[Data for review — start]

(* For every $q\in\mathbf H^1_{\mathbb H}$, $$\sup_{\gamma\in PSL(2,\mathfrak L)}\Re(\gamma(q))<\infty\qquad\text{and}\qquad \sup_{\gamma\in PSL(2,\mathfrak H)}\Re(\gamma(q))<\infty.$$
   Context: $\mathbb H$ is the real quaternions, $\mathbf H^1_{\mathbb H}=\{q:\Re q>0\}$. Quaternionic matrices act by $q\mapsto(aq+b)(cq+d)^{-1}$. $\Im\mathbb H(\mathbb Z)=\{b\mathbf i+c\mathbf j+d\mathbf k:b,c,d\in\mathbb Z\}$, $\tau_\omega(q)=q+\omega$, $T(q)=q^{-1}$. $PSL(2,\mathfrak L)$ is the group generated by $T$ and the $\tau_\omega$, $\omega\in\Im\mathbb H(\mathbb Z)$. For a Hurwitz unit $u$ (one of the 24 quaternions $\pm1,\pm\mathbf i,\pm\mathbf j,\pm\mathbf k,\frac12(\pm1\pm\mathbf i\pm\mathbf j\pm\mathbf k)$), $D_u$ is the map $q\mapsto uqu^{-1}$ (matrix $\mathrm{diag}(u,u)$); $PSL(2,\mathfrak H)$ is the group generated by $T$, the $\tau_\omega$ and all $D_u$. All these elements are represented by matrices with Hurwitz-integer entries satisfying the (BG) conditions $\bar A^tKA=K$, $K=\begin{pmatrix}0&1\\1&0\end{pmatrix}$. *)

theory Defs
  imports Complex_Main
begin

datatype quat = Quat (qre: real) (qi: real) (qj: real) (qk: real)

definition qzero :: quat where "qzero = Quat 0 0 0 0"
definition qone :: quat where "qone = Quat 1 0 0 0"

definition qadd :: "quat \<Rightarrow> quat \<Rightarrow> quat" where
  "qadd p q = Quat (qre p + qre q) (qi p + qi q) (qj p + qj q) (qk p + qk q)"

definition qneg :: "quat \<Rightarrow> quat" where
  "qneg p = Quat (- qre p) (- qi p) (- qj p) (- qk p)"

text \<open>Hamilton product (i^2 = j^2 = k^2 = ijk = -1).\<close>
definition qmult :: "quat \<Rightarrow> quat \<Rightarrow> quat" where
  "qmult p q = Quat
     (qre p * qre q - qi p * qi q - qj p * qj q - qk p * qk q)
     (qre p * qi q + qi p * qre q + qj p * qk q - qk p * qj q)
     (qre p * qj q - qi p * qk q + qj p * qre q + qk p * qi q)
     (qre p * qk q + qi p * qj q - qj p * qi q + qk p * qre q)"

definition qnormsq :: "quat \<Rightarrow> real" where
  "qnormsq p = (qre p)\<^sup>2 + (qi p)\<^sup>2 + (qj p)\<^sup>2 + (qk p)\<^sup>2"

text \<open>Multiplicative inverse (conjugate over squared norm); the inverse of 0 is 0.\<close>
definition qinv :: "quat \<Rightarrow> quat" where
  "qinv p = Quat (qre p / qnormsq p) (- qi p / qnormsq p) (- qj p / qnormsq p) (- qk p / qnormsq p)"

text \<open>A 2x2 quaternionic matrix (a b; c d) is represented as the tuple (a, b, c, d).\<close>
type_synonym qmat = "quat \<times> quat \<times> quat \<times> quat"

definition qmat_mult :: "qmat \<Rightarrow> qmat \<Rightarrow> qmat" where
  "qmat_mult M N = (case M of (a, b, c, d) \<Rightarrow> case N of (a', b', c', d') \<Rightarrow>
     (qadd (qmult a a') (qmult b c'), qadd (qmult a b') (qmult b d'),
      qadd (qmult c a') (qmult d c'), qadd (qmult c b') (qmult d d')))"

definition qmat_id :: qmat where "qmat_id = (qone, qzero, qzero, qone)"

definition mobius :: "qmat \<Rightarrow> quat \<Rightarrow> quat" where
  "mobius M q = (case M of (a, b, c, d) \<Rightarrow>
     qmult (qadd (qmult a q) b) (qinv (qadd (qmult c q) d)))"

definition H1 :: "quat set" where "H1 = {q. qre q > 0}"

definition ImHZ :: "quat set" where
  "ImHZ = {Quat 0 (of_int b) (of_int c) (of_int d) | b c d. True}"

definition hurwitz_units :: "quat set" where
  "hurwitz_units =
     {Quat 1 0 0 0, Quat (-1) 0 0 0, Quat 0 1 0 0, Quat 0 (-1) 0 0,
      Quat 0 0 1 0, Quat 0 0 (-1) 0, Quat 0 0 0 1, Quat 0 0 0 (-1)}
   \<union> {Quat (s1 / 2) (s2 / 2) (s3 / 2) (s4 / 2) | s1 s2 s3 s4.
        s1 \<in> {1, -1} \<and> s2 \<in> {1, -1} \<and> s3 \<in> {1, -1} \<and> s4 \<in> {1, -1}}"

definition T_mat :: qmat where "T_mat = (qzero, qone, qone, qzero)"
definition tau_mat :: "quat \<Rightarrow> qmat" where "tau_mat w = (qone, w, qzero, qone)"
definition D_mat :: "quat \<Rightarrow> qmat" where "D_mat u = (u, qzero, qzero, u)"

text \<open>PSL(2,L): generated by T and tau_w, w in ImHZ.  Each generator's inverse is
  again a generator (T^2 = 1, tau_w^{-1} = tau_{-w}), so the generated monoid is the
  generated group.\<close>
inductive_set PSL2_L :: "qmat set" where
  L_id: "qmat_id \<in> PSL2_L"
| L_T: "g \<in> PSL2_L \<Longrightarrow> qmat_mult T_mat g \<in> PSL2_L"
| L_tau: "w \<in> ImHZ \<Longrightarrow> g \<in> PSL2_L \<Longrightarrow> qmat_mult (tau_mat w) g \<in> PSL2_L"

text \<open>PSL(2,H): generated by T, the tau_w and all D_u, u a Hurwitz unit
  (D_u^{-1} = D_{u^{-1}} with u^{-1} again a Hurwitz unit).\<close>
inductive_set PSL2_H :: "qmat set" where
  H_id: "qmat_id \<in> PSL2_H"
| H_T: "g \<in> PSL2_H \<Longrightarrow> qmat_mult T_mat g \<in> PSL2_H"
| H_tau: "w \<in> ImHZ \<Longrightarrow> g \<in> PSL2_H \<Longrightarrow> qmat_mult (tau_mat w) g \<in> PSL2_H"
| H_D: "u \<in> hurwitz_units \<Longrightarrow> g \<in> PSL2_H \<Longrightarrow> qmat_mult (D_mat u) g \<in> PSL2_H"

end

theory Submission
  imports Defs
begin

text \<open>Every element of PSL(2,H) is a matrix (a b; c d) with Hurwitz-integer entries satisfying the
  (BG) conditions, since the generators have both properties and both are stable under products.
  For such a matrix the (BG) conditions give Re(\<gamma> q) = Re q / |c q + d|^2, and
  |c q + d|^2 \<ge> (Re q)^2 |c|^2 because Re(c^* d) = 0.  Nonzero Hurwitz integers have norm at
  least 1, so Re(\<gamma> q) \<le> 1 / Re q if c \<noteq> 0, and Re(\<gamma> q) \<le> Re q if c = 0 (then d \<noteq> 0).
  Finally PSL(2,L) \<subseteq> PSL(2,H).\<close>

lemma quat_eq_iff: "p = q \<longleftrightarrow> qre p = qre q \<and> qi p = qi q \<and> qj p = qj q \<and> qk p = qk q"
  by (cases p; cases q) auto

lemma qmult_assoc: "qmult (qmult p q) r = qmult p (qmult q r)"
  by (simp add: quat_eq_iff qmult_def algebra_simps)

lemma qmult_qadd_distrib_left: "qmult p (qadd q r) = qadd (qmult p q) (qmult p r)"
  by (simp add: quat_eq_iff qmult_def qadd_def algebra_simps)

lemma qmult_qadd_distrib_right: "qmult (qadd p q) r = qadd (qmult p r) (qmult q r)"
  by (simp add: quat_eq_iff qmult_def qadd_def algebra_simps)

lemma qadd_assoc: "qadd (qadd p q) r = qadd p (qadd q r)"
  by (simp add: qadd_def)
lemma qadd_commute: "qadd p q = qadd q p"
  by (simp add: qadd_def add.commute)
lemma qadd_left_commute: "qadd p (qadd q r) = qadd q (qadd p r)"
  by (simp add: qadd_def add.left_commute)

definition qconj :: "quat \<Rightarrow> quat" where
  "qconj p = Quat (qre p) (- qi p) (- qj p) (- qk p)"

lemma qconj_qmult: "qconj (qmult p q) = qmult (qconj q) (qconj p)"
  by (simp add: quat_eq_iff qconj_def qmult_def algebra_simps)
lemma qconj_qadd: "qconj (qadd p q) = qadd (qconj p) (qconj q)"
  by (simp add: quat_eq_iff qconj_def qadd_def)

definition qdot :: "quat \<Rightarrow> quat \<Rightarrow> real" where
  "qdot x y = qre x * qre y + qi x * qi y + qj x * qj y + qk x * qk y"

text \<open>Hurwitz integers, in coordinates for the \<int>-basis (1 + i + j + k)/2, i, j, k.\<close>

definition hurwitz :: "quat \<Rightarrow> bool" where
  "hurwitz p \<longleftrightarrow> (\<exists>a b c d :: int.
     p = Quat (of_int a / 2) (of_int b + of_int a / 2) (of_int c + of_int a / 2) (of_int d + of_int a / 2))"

[Data for review — finish]

* Work request:
Above are some lines. Repeat exactly, and only, those from the line that has "(qre p * qre" through the line that has "s1 s2 s3 s4.".

* Expected answer:
     (qre p * qre q - qi p * qi q - qj p * qj q - qk p * qk q)
     (qre p * qi q + qi p * qre q + qj p * qk q - qk p * qj q)
     (qre p * qj q - qi p * qk q + qj p * qre q + qk p * qi q)
     (qre p * qk q + qi p * qj q - qj p * qi q + qk p * qre q)"

definition qnormsq :: "quat \<Rightarrow> real" where
  "qnormsq p = (qre p)\<^sup>2 + (qi p)\<^sup>2 + (qj p)\<^sup>2 + (qk p)\<^sup>2"

text \<open>Multiplicative inverse (conjugate over squared norm); the inverse of 0 is 0.\<close>
definition qinv :: "quat \<Rightarrow> quat" where
  "qinv p = Quat (qre p / qnormsq p) (- qi p / qnormsq p) (- qj p / qnormsq p) (- qk p / qnormsq p)"

text \<open>A 2x2 quaternionic matrix (a b; c d) is represented as the tuple (a, b, c, d).\<close>
type_synonym qmat = "quat \<times> quat \<times> quat \<times> quat"

definition qmat_mult :: "qmat \<Rightarrow> qmat \<Rightarrow> qmat" where
  "qmat_mult M N = (case M of (a, b, c, d) \<Rightarrow> case N of (a', b', c', d') \<Rightarrow>
     (qadd (qmult a a') (qmult b c'), qadd (qmult a b') (qmult b d'),
      qadd (qmult c a') (qmult d c'), qadd (qmult c b') (qmult d d')))"

definition qmat_id :: qmat where "qmat_id = (qone, qzero, qzero, qone)"

definition mobius :: "qmat \<Rightarrow> quat \<Rightarrow> quat" where
  "mobius M q = (case M of (a, b, c, d) \<Rightarrow>
     qmult (qadd (qmult a q) b) (qinv (qadd (qmult c q) d)))"

definition H1 :: "quat set" where "H1 = {q. qre q > 0}"

definition ImHZ :: "quat set" where
  "ImHZ = {Quat 0 (of_int b) (of_int c) (of_int d) | b c d. True}"

definition hurwitz_units :: "quat set" where
  "hurwitz_units =
     {Quat 1 0 0 0, Quat (-1) 0 0 0, Quat 0 1 0 0, Quat 0 (-1) 0 0,
      Quat 0 0 1 0, Quat 0 0 (-1) 0, Quat 0 0 0 1, Quat 0 0 0 (-1)}
   \<union> {Quat (s1 / 2) (s2 / 2) (s3 / 2) (s4 / 2) | s1 s2 s3 s4.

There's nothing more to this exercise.